**ACTIVITY**
Look through the records below for the line with "by (subst exp_le_cancel_iff) linarith". Return that line and each one after it up to and including the line with "unfolding power_mult_distrib[of _", exactly.

[Data items]
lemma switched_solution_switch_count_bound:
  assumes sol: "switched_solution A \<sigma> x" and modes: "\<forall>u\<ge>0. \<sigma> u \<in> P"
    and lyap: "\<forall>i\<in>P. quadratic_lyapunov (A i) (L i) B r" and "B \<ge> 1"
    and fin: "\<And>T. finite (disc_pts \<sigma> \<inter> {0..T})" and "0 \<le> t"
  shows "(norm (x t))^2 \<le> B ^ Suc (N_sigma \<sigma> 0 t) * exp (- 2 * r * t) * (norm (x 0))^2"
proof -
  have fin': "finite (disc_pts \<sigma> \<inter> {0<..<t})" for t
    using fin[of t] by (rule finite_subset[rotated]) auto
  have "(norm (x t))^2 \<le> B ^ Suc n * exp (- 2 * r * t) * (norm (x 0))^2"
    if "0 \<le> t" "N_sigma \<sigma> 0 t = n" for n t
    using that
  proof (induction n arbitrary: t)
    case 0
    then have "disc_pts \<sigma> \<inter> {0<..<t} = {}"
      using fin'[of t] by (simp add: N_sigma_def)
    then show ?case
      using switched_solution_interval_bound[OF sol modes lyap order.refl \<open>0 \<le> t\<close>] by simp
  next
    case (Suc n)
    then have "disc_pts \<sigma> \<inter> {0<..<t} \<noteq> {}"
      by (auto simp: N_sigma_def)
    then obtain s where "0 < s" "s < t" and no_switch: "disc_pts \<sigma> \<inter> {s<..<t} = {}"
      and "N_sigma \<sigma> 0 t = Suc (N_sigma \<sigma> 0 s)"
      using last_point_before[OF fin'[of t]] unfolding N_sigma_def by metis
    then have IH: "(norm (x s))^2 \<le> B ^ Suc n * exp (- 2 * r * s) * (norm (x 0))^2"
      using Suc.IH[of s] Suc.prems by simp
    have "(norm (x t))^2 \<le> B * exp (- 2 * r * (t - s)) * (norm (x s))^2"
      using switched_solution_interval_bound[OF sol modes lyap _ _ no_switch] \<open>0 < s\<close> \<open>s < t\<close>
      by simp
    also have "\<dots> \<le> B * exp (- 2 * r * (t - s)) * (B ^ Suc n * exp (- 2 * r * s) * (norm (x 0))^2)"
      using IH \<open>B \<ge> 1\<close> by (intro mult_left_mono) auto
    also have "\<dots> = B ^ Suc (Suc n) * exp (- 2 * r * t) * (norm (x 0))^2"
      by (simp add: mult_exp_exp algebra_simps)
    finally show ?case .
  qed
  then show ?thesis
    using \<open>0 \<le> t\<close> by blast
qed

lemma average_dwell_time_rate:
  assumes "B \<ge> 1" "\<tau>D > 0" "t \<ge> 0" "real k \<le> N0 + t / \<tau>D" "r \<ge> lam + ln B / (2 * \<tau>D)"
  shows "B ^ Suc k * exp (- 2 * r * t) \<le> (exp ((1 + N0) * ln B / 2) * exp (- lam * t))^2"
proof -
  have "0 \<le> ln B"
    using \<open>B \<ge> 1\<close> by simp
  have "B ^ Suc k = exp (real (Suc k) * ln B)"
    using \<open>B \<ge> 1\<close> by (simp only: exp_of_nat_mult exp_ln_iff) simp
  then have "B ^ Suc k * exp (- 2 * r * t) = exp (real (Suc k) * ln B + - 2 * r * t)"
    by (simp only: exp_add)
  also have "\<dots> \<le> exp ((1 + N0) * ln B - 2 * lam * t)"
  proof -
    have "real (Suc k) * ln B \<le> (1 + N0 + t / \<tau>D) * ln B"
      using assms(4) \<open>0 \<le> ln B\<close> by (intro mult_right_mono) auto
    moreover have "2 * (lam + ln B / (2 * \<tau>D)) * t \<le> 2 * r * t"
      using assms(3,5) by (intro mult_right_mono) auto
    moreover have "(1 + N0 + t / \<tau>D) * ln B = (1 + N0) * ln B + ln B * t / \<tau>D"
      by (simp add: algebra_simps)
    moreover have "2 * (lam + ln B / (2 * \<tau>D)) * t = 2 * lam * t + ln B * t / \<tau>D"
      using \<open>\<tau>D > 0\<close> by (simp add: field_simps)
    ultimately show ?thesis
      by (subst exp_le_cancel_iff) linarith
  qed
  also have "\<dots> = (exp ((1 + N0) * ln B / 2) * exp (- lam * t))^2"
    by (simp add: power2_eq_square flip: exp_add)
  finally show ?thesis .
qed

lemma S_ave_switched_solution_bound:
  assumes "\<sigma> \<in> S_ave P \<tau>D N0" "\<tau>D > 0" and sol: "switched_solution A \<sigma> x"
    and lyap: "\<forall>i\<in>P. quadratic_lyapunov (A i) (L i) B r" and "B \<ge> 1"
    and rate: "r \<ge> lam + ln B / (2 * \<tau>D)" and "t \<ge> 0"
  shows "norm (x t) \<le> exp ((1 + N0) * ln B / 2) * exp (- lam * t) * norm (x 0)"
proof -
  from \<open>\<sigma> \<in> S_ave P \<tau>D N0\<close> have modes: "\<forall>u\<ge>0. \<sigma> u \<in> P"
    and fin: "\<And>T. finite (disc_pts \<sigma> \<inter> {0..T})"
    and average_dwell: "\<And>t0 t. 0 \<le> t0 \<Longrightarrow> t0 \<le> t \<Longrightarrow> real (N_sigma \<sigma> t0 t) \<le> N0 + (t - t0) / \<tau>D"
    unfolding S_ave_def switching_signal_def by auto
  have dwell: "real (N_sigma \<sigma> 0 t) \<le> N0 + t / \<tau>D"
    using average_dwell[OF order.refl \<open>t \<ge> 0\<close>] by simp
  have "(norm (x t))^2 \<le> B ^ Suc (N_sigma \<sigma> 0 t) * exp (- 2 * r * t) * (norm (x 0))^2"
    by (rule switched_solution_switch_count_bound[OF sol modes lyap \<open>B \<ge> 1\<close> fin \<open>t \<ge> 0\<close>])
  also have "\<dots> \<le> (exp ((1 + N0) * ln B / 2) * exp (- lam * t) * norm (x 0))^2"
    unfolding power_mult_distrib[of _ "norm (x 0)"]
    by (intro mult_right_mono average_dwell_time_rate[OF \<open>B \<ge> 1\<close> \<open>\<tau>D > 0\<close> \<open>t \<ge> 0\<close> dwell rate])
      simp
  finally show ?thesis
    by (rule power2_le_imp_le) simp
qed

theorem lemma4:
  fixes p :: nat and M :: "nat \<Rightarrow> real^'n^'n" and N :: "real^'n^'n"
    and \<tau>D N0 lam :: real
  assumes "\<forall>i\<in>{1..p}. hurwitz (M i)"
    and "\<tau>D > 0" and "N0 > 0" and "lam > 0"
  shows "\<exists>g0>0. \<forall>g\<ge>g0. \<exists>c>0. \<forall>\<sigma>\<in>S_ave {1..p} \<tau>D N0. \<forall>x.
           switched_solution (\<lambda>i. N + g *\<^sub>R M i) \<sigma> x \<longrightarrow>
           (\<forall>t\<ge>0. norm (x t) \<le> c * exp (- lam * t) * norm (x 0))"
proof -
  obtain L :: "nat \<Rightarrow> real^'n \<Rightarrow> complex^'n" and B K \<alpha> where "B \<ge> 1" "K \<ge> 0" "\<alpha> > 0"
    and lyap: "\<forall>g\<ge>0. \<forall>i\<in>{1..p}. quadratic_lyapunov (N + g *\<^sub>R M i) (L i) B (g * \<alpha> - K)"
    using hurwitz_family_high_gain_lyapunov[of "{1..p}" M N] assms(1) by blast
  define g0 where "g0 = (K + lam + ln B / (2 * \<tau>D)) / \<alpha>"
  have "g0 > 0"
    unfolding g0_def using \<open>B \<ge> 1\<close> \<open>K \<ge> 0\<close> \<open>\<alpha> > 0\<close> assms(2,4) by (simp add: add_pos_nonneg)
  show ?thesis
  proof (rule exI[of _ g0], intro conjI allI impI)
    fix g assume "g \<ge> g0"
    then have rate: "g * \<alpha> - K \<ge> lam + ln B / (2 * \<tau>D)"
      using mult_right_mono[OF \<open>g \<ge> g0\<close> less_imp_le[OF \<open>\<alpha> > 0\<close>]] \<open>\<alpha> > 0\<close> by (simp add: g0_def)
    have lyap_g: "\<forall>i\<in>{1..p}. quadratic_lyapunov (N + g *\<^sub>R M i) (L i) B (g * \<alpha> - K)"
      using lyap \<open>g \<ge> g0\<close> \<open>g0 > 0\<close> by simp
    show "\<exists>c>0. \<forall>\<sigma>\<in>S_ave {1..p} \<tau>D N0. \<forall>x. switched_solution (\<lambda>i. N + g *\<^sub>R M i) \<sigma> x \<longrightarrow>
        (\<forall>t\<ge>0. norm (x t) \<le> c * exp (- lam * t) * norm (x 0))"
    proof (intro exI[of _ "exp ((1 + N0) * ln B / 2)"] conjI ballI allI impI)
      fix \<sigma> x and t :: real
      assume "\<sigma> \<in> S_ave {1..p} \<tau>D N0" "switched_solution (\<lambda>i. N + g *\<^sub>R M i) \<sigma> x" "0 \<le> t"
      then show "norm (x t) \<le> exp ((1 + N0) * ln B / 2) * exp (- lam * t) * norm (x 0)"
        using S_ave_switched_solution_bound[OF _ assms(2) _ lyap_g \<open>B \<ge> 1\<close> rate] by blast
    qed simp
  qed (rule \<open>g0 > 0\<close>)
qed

**OUTPUT OF THE TASK**
      by (subst exp_le_cancel_iff) linarith
  qed
  also have "\<dots> = (exp ((1 + N0) * ln B / 2) * exp (- lam * t))^2"
    by (simp add: power2_eq_square flip: exp_add)
  finally show ?thesis .
qed

lemma S_ave_switched_solution_bound:
  assumes "\<sigma> \<in> S_ave P \<tau>D N0" "\<tau>D > 0" and sol: "switched_solution A \<sigma> x"
    and lyap: "\<forall>i\<in>P. quadratic_lyapunov (A i) (L i) B r" and "B \<ge> 1"
    and rate: "r \<ge> lam + ln B / (2 * \<tau>D)" and "t \<ge> 0"
  shows "norm (x t) \<le> exp ((1 + N0) * ln B / 2) * exp (- lam * t) * norm (x 0)"
proof -
  from \<open>\<sigma> \<in> S_ave P \<tau>D N0\<close> have modes: "\<forall>u\<ge>0. \<sigma> u \<in> P"
    and fin: "\<And>T. finite (disc_pts \<sigma> \<inter> {0..T})"
    and average_dwell: "\<And>t0 t. 0 \<le> t0 \<Longrightarrow> t0 \<le> t \<Longrightarrow> real (N_sigma \<sigma> t0 t) \<le> N0 + (t - t0) / \<tau>D"
    unfolding S_ave_def switching_signal_def by auto
  have dwell: "real (N_sigma \<sigma> 0 t) \<le> N0 + t / \<tau>D"
    using average_dwell[OF order.refl \<open>t \<ge> 0\<close>] by simp
  have "(norm (x t))^2 \<le> B ^ Suc (N_sigma \<sigma> 0 t) * exp (- 2 * r * t) * (norm (x 0))^2"
    by (rule switched_solution_switch_count_bound[OF sol modes lyap \<open>B \<ge> 1\<close> fin \<open>t \<ge> 0\<close>])
  also have "\<dots> \<le> (exp ((1 + N0) * ln B / 2) * exp (- lam * t) * norm (x 0))^2"
    unfolding power_mult_distrib[of _ "norm (x 0)"]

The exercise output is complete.